## HOW TO COMPLETE THIS TASK
When you reach the line that contains "then show ?thesis using x_eq" in the data below, start reproducing lines exactly, and stop after the line that contains "proof (rule less.hyps)".

## EXERCISE DATA
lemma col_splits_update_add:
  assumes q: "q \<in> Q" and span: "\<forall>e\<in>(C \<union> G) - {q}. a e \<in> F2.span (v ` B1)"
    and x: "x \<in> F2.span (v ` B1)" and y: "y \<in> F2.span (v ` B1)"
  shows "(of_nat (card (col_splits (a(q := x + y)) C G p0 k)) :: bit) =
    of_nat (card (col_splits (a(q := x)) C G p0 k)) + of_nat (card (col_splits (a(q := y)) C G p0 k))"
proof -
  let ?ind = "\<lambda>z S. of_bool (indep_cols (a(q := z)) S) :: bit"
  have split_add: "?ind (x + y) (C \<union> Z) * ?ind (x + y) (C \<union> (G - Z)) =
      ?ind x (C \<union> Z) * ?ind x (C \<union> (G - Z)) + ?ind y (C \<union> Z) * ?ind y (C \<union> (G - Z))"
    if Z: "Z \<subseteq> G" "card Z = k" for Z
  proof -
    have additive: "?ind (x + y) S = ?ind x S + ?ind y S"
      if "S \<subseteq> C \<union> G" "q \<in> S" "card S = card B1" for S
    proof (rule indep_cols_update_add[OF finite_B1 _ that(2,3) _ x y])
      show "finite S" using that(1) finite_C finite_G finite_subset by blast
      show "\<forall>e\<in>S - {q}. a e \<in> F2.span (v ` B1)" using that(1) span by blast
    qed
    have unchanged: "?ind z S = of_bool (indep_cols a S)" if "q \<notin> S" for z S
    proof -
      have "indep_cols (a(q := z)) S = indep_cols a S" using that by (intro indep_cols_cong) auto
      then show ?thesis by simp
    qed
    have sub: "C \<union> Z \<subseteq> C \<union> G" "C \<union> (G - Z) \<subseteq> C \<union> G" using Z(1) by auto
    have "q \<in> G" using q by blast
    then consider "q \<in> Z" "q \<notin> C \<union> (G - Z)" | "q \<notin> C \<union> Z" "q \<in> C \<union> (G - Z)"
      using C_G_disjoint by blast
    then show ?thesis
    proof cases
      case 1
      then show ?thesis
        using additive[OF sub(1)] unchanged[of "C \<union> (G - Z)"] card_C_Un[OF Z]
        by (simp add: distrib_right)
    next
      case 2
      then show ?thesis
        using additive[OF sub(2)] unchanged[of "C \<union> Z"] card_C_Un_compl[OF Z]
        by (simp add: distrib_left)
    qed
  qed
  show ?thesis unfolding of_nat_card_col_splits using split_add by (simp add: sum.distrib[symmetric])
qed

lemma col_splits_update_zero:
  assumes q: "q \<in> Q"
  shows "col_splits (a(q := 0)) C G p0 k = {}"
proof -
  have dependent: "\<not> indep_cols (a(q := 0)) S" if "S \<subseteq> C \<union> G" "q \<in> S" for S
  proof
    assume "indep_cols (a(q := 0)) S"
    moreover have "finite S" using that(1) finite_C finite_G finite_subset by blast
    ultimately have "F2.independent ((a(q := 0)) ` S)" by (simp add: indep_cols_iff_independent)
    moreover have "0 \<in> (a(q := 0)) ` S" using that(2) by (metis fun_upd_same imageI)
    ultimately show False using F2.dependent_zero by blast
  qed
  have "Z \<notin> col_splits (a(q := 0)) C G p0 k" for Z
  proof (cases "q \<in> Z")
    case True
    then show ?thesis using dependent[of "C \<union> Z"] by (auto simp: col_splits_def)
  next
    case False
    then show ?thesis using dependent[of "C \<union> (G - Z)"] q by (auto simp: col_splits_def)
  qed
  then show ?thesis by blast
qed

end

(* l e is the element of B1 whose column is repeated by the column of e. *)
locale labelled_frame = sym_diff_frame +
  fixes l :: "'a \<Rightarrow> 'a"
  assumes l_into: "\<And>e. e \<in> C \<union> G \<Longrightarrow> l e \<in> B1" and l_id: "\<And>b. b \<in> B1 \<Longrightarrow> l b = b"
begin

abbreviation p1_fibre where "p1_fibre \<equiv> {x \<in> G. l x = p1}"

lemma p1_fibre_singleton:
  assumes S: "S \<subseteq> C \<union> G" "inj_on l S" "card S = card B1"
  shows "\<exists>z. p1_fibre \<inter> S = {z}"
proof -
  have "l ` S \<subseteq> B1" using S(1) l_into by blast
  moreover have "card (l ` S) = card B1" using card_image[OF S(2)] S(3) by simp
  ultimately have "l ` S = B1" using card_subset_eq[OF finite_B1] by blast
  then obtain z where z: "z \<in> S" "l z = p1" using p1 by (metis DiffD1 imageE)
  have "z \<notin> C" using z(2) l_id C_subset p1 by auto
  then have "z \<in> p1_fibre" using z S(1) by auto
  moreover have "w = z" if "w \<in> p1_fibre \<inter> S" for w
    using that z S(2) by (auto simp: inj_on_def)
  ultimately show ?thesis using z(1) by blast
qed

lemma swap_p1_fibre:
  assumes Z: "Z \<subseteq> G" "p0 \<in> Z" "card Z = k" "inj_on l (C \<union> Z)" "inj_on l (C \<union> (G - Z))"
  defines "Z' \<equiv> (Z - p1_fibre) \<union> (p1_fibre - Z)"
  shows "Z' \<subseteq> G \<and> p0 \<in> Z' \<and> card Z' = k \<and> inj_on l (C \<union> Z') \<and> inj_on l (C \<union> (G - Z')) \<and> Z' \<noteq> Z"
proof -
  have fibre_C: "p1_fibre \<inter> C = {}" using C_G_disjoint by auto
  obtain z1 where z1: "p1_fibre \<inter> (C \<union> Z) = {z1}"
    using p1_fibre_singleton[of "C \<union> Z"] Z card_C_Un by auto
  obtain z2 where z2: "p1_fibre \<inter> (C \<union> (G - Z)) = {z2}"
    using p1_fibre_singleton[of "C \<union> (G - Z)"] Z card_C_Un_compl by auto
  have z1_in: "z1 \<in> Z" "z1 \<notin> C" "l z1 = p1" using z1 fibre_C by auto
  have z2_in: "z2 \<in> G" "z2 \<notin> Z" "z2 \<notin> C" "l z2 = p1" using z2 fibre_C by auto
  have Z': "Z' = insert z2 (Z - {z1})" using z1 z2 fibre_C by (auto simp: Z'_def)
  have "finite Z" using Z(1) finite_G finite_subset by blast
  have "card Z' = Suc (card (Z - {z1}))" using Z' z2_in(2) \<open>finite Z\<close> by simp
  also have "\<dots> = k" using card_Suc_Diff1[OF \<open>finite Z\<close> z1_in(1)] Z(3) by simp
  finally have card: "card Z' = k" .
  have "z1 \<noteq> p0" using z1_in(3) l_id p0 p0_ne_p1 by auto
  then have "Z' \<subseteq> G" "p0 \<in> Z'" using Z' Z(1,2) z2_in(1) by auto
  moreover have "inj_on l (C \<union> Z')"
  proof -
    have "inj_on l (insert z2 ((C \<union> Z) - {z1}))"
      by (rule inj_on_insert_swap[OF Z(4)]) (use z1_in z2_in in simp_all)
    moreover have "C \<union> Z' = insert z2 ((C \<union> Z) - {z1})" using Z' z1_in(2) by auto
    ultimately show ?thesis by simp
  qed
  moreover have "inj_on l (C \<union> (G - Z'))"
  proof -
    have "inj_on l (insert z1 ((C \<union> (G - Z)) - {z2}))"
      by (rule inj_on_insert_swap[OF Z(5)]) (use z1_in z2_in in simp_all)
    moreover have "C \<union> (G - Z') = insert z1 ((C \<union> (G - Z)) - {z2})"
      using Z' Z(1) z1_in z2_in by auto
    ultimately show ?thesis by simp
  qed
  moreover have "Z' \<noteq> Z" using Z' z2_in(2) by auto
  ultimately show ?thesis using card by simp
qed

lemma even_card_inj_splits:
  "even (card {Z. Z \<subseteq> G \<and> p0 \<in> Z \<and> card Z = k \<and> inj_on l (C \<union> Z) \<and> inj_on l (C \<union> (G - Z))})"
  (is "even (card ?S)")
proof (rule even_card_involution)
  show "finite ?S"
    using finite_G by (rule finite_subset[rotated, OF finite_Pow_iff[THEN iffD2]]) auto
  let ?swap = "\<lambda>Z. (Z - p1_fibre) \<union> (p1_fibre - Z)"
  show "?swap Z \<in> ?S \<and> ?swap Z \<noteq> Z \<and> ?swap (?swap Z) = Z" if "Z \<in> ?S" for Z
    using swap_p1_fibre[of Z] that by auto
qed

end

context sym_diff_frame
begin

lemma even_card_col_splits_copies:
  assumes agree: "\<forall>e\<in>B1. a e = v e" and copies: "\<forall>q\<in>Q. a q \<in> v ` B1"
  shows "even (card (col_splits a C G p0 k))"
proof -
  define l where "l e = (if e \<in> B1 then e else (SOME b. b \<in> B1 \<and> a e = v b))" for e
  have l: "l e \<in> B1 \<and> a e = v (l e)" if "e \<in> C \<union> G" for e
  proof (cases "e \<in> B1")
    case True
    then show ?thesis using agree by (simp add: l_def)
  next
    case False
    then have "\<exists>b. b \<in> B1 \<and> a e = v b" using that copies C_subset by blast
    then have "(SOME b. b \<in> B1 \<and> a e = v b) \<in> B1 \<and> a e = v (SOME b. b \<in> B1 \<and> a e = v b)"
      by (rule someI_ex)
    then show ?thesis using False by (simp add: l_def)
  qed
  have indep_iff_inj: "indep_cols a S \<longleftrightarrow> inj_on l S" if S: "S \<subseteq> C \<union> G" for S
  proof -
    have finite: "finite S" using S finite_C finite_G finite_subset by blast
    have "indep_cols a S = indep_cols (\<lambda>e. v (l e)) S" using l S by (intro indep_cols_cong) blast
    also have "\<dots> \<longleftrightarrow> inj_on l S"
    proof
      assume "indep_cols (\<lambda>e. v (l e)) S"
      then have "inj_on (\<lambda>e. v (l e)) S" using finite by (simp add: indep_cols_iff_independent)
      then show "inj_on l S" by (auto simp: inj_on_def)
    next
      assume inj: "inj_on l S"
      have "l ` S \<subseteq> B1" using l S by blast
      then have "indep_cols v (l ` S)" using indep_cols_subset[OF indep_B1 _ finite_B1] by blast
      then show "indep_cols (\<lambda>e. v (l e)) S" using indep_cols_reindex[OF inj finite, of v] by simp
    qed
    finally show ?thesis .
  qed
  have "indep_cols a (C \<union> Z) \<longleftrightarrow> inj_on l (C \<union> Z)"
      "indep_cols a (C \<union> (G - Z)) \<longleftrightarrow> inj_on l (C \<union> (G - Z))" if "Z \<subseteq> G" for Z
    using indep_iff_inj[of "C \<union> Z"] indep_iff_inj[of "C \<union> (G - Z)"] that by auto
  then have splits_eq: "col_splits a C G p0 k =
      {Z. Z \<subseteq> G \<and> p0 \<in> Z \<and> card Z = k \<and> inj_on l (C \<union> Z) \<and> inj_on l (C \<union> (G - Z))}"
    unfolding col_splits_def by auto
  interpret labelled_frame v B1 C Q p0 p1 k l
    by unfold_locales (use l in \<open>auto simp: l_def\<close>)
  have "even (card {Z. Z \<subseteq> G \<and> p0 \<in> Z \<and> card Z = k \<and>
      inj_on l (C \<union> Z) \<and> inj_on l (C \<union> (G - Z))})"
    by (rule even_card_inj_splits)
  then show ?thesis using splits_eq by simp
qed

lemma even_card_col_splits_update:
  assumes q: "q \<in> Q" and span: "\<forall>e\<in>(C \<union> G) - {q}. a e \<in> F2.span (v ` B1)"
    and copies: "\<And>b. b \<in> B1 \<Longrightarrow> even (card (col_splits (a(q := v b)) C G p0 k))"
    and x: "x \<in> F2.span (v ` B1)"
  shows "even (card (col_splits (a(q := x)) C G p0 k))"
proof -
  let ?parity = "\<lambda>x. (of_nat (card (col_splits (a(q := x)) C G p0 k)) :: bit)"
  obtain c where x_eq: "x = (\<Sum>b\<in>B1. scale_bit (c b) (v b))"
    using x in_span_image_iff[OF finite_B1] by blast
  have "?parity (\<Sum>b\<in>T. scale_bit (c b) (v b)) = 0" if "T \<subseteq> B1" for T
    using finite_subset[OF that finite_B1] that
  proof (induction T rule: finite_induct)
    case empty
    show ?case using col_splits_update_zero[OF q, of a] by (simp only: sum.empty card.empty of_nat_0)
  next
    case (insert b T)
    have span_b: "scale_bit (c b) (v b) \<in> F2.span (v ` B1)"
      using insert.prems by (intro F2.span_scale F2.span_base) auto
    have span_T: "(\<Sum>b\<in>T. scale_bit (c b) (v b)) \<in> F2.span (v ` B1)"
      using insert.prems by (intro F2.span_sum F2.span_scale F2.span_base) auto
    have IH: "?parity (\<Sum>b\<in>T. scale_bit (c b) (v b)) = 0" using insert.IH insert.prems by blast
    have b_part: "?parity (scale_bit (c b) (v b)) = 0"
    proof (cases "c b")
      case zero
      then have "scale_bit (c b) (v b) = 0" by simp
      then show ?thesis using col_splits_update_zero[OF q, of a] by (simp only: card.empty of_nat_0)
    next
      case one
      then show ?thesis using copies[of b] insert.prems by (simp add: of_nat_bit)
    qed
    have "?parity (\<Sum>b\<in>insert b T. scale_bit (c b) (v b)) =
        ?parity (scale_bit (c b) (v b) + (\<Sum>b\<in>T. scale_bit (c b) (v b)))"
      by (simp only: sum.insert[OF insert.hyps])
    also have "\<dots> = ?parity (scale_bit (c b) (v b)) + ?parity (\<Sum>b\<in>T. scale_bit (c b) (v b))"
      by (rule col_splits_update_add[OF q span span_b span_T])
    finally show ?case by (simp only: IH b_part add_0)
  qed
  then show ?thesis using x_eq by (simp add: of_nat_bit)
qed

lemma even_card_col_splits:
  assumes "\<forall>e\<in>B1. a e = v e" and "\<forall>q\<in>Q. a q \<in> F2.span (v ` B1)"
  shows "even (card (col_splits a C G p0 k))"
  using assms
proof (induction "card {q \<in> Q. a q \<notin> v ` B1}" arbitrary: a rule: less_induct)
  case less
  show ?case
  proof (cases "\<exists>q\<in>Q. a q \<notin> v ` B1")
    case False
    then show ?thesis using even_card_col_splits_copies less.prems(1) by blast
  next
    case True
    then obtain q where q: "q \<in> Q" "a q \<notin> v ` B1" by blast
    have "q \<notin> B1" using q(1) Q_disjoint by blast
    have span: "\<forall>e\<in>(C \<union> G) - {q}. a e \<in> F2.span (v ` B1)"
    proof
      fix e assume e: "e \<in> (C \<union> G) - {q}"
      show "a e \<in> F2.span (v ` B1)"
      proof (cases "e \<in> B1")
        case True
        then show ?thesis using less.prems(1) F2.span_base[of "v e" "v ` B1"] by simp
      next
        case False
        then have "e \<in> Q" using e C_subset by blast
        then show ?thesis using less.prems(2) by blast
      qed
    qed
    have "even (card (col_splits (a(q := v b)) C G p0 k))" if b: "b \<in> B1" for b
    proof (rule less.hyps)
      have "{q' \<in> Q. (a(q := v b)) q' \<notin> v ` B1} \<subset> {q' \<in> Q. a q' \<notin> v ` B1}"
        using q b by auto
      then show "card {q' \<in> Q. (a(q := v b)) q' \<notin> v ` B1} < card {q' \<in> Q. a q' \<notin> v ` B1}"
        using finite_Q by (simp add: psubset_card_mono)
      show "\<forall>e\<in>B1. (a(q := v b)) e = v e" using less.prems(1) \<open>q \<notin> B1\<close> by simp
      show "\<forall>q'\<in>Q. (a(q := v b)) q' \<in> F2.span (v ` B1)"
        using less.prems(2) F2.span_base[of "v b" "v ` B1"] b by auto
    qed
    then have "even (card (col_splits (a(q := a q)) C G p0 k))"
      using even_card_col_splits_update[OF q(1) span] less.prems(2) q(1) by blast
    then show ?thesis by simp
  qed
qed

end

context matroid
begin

## RESULT OF THE TASK
  then show ?thesis using x_eq by (simp add: of_nat_bit)
qed

lemma even_card_col_splits:
  assumes "\<forall>e\<in>B1. a e = v e" and "\<forall>q\<in>Q. a q \<in> F2.span (v ` B1)"
  shows "even (card (col_splits a C G p0 k))"
  using assms
proof (induction "card {q \<in> Q. a q \<notin> v ` B1}" arbitrary: a rule: less_induct)
  case less
  show ?case
  proof (cases "\<exists>q\<in>Q. a q \<notin> v ` B1")
    case False
    then show ?thesis using even_card_col_splits_copies less.prems(1) by blast
  next
    case True
    then obtain q where q: "q \<in> Q" "a q \<notin> v ` B1" by blast
    have "q \<notin> B1" using q(1) Q_disjoint by blast
    have span: "\<forall>e\<in>(C \<union> G) - {q}. a e \<in> F2.span (v ` B1)"
    proof
      fix e assume e: "e \<in> (C \<union> G) - {q}"
      show "a e \<in> F2.span (v ` B1)"
      proof (cases "e \<in> B1")
        case True
        then show ?thesis using less.prems(1) F2.span_base[of "v e" "v ` B1"] by simp
      next
        case False
        then have "e \<in> Q" using e C_subset by blast
        then show ?thesis using less.prems(2) by blast
      qed
    qed
    have "even (card (col_splits (a(q := v b)) C G p0 k))" if b: "b \<in> B1" for b
    proof (rule less.hyps)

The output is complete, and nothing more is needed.